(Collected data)
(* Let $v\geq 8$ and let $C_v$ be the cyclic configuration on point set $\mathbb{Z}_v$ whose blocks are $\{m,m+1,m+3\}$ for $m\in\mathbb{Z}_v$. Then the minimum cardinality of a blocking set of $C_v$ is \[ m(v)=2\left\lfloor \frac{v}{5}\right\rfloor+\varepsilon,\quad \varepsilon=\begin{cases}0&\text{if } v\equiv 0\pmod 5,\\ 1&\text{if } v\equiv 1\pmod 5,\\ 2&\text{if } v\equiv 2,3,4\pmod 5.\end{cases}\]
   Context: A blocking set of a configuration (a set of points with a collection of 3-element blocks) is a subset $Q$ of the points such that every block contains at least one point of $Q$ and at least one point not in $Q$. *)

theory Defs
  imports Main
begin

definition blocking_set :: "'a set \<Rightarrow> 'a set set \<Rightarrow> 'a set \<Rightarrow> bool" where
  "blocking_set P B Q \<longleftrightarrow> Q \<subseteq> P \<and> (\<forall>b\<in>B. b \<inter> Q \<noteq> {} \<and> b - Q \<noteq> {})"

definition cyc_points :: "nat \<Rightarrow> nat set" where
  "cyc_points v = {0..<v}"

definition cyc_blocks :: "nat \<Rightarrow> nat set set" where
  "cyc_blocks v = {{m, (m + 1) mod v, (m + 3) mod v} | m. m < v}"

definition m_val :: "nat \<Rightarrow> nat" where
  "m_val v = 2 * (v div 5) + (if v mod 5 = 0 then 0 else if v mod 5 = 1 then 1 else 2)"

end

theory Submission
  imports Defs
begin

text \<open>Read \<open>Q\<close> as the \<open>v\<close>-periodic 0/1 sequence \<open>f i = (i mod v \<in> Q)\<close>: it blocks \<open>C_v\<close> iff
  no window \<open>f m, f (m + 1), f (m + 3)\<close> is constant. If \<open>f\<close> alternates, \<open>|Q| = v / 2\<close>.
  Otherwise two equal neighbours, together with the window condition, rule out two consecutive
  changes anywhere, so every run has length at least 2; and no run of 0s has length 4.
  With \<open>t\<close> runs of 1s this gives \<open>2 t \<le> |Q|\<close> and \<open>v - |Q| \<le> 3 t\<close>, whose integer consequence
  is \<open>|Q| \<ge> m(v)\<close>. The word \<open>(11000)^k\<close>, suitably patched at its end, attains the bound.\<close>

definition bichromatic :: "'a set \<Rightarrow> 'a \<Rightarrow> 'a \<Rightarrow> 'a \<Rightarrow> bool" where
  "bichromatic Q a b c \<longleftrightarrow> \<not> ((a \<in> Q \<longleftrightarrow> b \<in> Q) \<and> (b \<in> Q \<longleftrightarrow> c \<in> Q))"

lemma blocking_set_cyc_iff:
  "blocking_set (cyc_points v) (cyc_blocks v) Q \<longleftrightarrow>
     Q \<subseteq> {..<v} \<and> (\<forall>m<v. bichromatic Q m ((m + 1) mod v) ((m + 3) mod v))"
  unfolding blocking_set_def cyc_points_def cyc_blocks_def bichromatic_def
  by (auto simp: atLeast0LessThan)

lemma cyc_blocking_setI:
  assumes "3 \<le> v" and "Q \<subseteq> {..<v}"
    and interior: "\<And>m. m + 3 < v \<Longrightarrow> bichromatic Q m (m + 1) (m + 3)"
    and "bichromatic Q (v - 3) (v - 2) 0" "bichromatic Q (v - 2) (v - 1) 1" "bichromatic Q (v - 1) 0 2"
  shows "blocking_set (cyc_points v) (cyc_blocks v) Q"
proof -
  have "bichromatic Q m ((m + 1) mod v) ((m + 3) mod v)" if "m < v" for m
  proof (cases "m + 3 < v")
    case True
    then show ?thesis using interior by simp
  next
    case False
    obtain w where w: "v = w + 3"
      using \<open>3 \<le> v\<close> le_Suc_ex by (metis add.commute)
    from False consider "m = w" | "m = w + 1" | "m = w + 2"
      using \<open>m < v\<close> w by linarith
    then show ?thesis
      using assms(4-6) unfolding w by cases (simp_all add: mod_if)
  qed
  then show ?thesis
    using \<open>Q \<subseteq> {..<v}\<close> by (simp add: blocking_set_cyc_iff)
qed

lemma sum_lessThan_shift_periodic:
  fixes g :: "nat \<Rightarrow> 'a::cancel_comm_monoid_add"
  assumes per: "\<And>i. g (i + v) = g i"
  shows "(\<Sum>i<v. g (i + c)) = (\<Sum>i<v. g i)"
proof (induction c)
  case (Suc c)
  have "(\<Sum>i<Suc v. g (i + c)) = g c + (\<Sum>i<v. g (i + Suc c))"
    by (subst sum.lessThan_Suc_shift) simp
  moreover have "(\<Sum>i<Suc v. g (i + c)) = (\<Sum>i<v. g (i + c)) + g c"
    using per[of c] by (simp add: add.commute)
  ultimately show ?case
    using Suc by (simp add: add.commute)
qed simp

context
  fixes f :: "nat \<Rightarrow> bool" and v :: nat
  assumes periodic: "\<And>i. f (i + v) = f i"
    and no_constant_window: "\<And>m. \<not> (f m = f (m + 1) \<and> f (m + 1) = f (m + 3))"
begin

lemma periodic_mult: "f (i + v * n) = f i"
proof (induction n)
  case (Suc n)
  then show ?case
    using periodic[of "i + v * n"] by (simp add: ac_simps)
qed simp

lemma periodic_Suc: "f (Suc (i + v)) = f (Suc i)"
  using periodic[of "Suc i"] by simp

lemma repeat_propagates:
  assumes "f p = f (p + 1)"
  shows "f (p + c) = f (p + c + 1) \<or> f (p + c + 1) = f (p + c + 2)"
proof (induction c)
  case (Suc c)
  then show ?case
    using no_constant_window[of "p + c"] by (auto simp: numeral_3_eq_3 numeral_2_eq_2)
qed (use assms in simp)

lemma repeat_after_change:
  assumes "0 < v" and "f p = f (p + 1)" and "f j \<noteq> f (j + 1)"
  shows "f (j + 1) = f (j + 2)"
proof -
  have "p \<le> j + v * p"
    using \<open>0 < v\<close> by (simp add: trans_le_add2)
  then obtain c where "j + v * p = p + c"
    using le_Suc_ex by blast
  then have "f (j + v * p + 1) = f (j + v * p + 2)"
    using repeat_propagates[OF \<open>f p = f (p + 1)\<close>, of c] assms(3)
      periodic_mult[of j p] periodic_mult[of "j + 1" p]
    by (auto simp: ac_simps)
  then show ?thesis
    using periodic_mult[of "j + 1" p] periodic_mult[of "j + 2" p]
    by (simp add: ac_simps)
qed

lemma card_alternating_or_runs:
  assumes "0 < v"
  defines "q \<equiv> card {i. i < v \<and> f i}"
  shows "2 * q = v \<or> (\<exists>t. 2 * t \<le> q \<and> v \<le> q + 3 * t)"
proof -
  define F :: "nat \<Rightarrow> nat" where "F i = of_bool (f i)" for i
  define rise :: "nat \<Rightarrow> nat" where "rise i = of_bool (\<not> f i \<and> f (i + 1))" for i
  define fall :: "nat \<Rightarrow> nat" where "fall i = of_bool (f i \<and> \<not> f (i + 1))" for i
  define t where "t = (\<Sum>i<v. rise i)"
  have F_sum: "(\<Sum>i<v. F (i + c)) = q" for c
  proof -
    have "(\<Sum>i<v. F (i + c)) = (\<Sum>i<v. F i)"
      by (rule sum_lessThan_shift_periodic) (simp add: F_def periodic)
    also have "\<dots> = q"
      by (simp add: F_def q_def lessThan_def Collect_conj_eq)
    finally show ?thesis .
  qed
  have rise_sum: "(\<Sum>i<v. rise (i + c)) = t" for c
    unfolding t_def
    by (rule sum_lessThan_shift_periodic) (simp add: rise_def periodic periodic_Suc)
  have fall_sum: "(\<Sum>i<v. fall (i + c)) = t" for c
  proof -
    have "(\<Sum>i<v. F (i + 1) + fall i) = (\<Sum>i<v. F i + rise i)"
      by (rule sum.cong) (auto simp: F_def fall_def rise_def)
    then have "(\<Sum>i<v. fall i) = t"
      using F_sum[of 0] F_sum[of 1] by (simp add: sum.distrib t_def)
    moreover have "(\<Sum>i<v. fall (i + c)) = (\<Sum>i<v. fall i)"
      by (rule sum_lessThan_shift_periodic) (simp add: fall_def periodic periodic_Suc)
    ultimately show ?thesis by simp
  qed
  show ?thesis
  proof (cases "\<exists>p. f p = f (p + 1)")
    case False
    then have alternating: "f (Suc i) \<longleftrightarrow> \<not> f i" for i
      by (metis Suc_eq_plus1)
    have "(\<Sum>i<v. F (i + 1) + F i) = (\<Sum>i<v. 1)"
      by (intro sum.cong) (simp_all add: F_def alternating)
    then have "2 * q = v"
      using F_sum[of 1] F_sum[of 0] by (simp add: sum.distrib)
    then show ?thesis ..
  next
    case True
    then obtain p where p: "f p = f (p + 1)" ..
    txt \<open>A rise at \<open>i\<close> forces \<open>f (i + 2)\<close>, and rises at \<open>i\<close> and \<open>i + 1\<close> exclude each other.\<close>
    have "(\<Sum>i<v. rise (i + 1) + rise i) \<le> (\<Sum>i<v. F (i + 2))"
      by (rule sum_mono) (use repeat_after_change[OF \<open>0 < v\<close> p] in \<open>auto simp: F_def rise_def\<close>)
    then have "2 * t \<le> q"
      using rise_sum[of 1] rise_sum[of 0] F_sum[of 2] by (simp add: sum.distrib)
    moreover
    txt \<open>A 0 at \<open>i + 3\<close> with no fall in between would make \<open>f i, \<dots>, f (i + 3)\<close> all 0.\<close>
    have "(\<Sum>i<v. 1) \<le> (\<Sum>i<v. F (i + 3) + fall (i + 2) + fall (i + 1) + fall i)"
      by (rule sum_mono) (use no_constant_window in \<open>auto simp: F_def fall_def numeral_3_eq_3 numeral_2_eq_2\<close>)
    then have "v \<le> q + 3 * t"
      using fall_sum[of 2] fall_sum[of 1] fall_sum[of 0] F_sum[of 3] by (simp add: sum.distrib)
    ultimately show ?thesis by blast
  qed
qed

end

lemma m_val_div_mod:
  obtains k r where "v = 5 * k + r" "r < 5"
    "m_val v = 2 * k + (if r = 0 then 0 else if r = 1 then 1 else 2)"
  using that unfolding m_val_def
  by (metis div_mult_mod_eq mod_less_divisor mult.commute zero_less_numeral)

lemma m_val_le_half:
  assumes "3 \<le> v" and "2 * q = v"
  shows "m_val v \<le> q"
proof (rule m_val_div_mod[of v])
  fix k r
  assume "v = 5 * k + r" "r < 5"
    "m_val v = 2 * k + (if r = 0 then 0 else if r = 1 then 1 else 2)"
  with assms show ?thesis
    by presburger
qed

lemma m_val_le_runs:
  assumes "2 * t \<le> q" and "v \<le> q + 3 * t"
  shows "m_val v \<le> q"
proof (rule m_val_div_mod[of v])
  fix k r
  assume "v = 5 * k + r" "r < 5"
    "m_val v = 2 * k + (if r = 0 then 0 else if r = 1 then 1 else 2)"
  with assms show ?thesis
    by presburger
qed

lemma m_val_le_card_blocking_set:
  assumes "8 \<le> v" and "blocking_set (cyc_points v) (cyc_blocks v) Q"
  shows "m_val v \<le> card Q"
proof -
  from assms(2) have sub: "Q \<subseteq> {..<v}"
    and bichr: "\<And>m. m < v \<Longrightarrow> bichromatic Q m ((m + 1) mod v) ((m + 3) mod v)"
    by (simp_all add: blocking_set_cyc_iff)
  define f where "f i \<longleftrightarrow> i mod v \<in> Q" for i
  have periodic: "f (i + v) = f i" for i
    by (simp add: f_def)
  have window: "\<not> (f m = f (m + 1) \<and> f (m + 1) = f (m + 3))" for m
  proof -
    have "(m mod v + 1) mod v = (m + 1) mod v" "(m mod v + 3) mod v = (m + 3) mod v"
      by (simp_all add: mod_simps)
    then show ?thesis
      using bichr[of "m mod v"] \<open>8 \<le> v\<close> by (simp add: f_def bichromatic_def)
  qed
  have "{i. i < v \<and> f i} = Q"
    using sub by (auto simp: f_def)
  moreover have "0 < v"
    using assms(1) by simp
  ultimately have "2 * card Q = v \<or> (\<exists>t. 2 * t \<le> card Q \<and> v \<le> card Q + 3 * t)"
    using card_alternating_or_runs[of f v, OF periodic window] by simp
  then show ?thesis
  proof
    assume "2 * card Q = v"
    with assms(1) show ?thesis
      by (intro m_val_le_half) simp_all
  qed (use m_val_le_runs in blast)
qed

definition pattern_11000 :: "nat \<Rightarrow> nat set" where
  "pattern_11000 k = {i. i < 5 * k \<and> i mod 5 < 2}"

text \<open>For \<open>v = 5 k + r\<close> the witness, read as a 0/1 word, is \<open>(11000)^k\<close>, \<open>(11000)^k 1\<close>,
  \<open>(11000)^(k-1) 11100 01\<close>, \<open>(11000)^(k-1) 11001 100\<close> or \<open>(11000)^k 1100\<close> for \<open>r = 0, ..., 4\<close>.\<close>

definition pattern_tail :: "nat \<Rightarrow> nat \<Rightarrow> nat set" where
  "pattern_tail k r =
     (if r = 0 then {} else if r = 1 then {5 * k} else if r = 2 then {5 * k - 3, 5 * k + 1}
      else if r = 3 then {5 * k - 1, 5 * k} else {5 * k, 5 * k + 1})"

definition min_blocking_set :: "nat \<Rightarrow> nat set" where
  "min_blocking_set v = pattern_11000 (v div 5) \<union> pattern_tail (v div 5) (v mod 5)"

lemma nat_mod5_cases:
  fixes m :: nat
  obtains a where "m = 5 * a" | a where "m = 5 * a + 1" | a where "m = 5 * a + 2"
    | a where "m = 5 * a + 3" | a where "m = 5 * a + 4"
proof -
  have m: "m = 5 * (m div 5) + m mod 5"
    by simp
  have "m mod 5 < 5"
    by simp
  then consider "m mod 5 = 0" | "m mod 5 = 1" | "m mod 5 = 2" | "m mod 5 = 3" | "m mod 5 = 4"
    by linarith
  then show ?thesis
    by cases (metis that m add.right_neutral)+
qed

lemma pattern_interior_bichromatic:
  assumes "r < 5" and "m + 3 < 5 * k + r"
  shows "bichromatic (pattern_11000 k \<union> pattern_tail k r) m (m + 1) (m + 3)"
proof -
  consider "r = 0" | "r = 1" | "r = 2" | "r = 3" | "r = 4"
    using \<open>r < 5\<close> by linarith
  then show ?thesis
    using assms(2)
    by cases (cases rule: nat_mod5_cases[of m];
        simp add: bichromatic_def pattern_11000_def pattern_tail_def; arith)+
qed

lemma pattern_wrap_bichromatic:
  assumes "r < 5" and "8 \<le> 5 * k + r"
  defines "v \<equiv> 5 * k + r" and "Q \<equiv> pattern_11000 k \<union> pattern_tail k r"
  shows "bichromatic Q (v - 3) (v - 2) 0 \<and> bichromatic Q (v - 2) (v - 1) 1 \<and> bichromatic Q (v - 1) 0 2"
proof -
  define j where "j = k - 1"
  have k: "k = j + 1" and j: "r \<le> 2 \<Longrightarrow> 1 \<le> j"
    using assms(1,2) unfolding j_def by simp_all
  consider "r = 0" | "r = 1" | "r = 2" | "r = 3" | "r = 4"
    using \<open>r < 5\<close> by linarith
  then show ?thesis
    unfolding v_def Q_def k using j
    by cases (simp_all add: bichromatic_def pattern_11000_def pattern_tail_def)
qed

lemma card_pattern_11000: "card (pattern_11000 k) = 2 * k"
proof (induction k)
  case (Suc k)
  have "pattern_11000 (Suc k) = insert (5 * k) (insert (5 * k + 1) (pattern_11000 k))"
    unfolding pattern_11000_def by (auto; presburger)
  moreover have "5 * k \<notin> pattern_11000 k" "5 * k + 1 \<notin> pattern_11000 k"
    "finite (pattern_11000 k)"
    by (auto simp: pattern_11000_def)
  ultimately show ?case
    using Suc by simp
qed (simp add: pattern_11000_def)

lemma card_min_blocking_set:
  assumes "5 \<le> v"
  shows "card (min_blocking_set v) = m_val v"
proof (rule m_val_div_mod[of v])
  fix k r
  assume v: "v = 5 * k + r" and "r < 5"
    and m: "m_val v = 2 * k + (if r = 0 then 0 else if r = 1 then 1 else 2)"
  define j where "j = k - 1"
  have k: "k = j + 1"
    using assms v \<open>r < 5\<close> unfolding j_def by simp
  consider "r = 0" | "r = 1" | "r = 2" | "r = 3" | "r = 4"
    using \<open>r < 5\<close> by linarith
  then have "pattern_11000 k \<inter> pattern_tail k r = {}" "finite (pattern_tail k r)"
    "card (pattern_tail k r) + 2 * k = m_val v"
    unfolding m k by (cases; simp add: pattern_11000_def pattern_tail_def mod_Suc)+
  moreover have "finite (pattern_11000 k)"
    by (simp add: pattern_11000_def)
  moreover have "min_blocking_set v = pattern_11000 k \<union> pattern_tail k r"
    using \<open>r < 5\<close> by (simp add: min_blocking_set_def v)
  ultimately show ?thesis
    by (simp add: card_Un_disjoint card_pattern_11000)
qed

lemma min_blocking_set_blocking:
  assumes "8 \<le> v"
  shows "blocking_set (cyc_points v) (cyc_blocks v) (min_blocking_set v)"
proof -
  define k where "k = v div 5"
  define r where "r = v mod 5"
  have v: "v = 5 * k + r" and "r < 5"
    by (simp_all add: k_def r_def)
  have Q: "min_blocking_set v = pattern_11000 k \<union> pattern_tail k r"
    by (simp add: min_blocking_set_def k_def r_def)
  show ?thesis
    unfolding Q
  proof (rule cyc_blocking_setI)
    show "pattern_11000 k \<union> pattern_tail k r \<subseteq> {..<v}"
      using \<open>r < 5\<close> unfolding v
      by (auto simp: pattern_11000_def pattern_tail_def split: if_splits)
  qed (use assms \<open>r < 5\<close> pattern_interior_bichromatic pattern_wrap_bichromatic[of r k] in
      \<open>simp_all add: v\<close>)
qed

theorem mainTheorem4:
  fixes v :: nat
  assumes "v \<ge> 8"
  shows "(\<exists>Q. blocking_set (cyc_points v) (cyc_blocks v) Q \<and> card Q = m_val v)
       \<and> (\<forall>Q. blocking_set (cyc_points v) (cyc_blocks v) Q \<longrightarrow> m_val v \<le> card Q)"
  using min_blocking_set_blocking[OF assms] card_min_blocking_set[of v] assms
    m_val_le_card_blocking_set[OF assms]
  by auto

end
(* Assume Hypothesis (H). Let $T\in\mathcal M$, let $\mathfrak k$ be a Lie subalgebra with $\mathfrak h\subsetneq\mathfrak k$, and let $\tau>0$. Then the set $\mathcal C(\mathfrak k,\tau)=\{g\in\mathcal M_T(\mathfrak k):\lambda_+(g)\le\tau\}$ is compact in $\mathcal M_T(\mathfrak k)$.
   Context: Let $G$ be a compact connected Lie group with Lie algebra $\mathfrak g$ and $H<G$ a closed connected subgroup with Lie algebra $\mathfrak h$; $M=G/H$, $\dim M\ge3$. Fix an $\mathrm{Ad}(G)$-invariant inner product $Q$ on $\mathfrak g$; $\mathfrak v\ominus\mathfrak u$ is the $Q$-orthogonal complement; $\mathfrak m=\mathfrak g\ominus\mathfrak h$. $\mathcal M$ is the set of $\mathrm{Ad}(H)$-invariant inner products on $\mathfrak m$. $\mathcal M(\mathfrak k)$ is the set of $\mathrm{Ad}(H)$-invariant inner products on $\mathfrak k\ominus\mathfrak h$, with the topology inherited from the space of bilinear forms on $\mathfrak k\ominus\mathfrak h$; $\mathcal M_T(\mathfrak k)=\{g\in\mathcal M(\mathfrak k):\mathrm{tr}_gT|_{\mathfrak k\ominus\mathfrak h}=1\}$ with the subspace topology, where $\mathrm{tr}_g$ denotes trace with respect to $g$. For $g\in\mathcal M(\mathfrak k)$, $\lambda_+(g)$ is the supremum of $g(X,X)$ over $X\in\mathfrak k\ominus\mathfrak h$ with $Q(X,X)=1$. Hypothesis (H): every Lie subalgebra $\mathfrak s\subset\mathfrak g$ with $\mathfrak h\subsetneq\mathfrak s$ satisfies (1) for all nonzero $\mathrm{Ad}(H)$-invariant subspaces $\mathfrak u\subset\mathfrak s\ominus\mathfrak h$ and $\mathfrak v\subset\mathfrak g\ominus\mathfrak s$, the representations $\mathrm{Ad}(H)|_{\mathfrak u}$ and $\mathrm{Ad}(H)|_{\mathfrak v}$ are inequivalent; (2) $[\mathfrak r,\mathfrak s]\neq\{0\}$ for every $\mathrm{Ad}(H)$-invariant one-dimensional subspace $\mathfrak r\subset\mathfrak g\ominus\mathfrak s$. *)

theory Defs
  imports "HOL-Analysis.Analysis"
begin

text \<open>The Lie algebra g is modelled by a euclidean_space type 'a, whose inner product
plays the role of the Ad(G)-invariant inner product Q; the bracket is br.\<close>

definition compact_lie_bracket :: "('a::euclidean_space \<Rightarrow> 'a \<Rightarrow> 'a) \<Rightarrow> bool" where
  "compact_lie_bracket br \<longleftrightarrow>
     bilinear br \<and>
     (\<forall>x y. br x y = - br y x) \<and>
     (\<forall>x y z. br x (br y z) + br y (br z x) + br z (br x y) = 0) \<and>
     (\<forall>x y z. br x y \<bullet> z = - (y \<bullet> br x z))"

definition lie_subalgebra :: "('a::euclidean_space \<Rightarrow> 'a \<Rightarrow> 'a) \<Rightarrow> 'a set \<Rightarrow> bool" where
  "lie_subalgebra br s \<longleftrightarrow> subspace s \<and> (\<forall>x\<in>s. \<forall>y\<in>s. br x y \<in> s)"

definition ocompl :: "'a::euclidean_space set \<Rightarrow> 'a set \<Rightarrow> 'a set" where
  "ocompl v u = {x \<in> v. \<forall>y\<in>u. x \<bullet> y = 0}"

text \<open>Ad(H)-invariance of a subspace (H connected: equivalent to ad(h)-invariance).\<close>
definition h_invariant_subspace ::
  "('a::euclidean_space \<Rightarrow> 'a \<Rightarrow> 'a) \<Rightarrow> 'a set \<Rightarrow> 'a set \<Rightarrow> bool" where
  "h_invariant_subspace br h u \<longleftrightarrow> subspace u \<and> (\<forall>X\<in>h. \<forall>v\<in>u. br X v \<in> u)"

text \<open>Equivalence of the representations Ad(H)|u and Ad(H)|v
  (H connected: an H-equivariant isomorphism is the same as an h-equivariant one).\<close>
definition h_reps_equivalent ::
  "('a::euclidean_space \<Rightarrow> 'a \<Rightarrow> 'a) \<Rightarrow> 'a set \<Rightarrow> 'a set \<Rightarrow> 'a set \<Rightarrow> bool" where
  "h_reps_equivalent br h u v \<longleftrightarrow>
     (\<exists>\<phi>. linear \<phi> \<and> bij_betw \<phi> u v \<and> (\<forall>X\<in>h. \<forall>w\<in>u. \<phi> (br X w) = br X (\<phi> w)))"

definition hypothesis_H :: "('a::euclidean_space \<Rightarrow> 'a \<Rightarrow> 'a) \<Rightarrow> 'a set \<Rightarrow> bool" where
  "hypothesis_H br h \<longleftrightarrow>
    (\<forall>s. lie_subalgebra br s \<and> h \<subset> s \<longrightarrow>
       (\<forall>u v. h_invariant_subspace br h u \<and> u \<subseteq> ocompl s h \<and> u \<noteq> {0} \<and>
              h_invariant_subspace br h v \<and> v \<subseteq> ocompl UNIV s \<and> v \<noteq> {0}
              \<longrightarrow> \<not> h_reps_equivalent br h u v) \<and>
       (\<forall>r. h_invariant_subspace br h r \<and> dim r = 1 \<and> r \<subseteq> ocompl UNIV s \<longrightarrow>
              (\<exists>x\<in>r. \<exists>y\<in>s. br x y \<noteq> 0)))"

Problem details
Review the preceding data and report every line that includes the string "unfolding".

Response to the exercise
  unfolding blocking_set_def cyc_points_def cyc_blocks_def bichromatic_def
      using assms(4-6) unfolding w by cases (simp_all add: mod_if)
    unfolding t_def
  using that unfolding m_val_def
    using assms(1,2) unfolding j_def by simp_all
    unfolding v_def Q_def k using j
    unfolding pattern_11000_def by (auto; presburger)
    using assms v \<open>r < 5\<close> unfolding j_def by simp
    unfolding m k by (cases; simp add: pattern_11000_def pattern_tail_def mod_Suc)+
    unfolding Q
      using \<open>r < 5\<close> unfolding v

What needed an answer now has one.